Start of Task inputs
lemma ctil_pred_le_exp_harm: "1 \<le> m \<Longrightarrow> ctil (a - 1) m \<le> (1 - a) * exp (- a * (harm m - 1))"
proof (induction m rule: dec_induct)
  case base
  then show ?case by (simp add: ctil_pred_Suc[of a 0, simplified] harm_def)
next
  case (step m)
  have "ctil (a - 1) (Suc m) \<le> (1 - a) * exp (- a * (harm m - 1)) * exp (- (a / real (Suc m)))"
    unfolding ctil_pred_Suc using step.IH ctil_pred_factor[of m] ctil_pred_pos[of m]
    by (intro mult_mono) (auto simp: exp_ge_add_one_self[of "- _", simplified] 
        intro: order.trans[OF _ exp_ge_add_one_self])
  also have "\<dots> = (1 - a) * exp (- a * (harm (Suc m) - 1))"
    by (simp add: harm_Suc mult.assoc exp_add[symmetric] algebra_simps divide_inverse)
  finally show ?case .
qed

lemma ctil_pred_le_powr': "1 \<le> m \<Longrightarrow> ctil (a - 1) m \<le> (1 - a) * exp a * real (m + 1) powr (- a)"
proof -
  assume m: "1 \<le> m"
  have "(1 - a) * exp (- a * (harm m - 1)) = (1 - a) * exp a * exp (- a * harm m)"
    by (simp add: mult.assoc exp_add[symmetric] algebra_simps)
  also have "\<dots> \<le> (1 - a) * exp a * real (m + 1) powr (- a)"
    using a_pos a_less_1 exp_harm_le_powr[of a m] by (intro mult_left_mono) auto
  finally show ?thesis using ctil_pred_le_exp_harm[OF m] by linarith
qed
End of Task inputs
**Task description**
Lines from the one holding "exp a * exp" to the end of the listing above are the only ones to transcribe. Keep each exactly as written.

**Solution for this exercise**
  have "(1 - a) * exp (- a * (harm m - 1)) = (1 - a) * exp a * exp (- a * harm m)"
    by (simp add: mult.assoc exp_add[symmetric] algebra_simps)
  also have "\<dots> \<le> (1 - a) * exp a * real (m + 1) powr (- a)"
    using a_pos a_less_1 exp_harm_le_powr[of a m] by (intro mult_left_mono) auto
  finally show ?thesis using ctil_pred_le_exp_harm[OF m] by linarith
qed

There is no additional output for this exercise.